§ Work to be completed:
For the records that follow, work out how many lines include "fixes" and give only that count.

Top of Working data

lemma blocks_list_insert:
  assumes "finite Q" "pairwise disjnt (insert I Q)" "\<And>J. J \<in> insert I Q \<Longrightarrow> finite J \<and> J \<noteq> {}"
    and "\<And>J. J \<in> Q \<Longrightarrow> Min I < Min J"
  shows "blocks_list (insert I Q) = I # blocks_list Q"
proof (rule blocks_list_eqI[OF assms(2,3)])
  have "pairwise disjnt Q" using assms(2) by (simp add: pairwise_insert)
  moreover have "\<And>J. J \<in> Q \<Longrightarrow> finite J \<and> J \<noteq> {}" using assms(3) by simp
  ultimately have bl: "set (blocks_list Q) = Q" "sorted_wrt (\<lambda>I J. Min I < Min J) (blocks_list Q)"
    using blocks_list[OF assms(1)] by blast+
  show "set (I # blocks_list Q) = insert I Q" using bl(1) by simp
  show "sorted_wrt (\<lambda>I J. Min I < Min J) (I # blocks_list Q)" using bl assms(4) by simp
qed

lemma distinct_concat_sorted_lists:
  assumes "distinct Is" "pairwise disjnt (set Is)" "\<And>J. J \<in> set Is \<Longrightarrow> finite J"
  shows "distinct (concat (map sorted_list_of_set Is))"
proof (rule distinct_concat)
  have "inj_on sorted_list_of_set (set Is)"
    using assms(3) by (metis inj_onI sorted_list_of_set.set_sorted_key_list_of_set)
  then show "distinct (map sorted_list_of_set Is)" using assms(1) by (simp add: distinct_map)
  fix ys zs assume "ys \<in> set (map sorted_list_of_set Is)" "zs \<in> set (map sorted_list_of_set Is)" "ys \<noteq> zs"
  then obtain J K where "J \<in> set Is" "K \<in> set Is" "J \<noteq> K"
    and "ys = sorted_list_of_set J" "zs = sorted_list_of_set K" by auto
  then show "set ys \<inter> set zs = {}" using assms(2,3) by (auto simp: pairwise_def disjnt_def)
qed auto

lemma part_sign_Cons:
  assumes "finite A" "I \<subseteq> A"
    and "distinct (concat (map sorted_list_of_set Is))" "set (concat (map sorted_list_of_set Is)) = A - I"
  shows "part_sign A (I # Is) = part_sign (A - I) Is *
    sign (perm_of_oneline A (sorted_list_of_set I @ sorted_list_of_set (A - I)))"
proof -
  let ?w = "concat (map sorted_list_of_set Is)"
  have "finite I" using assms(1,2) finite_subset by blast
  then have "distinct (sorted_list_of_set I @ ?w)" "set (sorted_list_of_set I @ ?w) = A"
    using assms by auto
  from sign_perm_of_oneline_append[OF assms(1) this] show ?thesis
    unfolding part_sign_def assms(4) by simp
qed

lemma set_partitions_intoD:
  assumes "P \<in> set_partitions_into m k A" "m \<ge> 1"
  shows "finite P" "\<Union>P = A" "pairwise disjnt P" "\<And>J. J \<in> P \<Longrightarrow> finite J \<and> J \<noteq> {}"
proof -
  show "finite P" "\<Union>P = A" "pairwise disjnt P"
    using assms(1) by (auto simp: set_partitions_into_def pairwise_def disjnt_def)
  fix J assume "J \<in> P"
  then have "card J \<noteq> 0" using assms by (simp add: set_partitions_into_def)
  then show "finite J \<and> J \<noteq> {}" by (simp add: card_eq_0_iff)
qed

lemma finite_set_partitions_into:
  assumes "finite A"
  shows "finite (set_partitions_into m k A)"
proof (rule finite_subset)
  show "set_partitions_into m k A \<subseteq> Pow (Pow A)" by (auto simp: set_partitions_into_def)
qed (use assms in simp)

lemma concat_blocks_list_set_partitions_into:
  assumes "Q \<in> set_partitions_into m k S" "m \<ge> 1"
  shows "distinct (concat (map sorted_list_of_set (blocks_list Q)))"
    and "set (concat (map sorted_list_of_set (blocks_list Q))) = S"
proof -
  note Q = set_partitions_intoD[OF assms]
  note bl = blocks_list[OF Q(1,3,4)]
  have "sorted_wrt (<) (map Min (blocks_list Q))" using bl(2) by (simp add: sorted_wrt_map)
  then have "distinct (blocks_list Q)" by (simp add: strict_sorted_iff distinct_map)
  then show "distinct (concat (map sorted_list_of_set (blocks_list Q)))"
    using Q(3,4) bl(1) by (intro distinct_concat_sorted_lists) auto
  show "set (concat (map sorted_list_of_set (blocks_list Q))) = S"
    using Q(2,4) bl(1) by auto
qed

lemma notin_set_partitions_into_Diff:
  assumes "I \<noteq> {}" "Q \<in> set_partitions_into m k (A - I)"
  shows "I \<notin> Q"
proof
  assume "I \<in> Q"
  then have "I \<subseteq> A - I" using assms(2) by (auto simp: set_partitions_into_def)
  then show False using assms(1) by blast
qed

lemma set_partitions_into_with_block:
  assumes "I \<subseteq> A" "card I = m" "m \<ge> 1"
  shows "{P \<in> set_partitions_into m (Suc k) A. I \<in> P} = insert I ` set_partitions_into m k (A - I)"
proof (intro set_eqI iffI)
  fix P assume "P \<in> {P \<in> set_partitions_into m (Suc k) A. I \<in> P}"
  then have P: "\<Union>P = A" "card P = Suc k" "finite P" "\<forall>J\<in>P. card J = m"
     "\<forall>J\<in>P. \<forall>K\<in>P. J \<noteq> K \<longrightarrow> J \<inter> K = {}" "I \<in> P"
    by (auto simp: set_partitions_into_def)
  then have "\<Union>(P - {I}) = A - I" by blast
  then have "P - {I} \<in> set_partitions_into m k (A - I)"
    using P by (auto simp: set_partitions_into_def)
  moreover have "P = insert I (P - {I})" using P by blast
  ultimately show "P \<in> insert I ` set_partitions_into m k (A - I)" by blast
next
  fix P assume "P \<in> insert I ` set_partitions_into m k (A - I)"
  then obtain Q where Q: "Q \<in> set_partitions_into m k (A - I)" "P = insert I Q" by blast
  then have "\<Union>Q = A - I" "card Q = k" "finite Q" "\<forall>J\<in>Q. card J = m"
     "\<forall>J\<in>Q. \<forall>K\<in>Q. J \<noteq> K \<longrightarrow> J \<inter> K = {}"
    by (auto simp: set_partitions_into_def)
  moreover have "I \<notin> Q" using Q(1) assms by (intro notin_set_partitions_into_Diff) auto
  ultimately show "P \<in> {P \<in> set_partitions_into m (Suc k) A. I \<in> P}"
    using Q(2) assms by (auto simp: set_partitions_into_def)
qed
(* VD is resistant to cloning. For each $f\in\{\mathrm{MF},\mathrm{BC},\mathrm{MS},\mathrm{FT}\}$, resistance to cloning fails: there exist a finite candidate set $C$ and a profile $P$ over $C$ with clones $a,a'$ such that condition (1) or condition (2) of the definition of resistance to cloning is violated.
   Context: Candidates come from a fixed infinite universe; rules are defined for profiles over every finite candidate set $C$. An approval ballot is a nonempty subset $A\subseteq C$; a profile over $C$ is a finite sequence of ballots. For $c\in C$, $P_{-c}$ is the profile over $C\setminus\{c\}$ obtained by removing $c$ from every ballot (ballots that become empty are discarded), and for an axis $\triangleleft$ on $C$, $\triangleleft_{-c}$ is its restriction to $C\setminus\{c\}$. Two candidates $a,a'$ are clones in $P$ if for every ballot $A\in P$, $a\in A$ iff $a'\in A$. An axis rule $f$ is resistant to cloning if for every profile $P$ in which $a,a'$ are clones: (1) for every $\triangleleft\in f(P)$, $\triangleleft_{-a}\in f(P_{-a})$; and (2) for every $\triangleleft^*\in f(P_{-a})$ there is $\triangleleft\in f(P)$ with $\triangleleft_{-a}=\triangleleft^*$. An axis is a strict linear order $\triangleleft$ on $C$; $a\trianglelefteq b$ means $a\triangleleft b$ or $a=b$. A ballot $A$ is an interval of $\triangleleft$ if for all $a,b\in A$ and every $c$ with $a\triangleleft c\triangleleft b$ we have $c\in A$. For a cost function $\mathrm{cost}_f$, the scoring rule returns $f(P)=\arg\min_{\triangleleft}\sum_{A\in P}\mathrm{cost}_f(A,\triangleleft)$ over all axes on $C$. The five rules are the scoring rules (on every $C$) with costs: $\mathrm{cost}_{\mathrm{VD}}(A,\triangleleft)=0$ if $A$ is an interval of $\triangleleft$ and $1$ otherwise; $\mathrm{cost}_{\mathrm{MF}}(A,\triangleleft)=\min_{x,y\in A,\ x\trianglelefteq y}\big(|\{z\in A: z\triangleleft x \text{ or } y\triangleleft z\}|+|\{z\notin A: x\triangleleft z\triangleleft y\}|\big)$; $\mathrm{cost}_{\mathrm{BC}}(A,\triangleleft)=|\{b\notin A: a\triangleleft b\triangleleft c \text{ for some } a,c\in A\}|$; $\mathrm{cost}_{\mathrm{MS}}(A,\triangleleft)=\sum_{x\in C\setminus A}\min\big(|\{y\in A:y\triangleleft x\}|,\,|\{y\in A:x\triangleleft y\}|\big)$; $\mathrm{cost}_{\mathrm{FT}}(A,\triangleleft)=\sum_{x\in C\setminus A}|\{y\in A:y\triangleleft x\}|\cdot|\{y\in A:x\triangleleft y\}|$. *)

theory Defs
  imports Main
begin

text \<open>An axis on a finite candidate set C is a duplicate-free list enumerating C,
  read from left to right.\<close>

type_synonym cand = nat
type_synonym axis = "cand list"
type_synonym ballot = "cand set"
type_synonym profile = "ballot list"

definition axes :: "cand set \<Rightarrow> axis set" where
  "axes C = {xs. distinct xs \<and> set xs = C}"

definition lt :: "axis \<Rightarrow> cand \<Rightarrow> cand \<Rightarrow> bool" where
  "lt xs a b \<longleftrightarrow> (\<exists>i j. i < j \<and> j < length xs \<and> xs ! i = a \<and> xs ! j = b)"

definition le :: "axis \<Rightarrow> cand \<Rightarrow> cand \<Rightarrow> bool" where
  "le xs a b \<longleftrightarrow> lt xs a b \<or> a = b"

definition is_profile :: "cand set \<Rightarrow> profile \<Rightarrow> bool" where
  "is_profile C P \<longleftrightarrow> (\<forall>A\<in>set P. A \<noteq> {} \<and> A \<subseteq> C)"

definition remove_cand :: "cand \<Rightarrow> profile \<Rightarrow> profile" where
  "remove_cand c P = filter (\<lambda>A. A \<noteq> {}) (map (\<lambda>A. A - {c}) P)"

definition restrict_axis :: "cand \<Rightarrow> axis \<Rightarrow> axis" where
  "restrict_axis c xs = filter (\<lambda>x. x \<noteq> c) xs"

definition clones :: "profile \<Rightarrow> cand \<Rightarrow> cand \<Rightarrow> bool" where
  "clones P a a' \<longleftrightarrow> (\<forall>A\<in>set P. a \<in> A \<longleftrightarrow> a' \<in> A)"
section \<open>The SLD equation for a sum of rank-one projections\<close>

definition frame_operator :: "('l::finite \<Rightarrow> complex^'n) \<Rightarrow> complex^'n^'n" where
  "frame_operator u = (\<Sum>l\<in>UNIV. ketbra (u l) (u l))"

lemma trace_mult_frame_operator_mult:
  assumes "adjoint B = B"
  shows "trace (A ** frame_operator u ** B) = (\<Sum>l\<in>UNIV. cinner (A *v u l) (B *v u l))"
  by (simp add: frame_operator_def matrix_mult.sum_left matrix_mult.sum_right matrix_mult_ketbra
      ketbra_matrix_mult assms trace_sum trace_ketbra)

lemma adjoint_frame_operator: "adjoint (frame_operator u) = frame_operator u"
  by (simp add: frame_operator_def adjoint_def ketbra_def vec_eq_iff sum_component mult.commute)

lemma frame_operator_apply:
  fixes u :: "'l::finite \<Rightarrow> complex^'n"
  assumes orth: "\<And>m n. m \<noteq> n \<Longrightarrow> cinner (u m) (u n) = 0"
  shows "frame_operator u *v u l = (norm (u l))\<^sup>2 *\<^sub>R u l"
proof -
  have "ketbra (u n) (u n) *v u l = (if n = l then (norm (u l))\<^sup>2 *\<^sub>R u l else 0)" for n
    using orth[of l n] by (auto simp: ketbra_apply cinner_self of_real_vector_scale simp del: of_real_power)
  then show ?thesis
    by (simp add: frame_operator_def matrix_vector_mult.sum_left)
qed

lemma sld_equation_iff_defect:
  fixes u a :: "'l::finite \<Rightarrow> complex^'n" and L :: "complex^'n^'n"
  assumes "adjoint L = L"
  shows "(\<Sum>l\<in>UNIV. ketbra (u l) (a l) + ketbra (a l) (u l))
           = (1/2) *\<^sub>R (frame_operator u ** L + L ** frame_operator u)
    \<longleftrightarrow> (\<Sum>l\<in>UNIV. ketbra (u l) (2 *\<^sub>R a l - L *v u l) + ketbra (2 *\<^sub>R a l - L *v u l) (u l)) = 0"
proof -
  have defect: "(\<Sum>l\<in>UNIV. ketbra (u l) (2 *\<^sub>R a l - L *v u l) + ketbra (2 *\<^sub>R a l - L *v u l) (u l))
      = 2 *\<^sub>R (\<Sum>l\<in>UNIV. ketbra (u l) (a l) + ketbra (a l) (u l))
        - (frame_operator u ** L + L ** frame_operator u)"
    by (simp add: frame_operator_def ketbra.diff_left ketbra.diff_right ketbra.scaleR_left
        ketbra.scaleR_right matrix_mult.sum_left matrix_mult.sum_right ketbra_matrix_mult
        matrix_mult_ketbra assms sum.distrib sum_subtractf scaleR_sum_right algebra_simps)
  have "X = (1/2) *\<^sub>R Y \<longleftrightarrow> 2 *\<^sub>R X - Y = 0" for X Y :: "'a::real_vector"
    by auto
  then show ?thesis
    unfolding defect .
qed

Bottom of Working data

§ Exercise solution:
2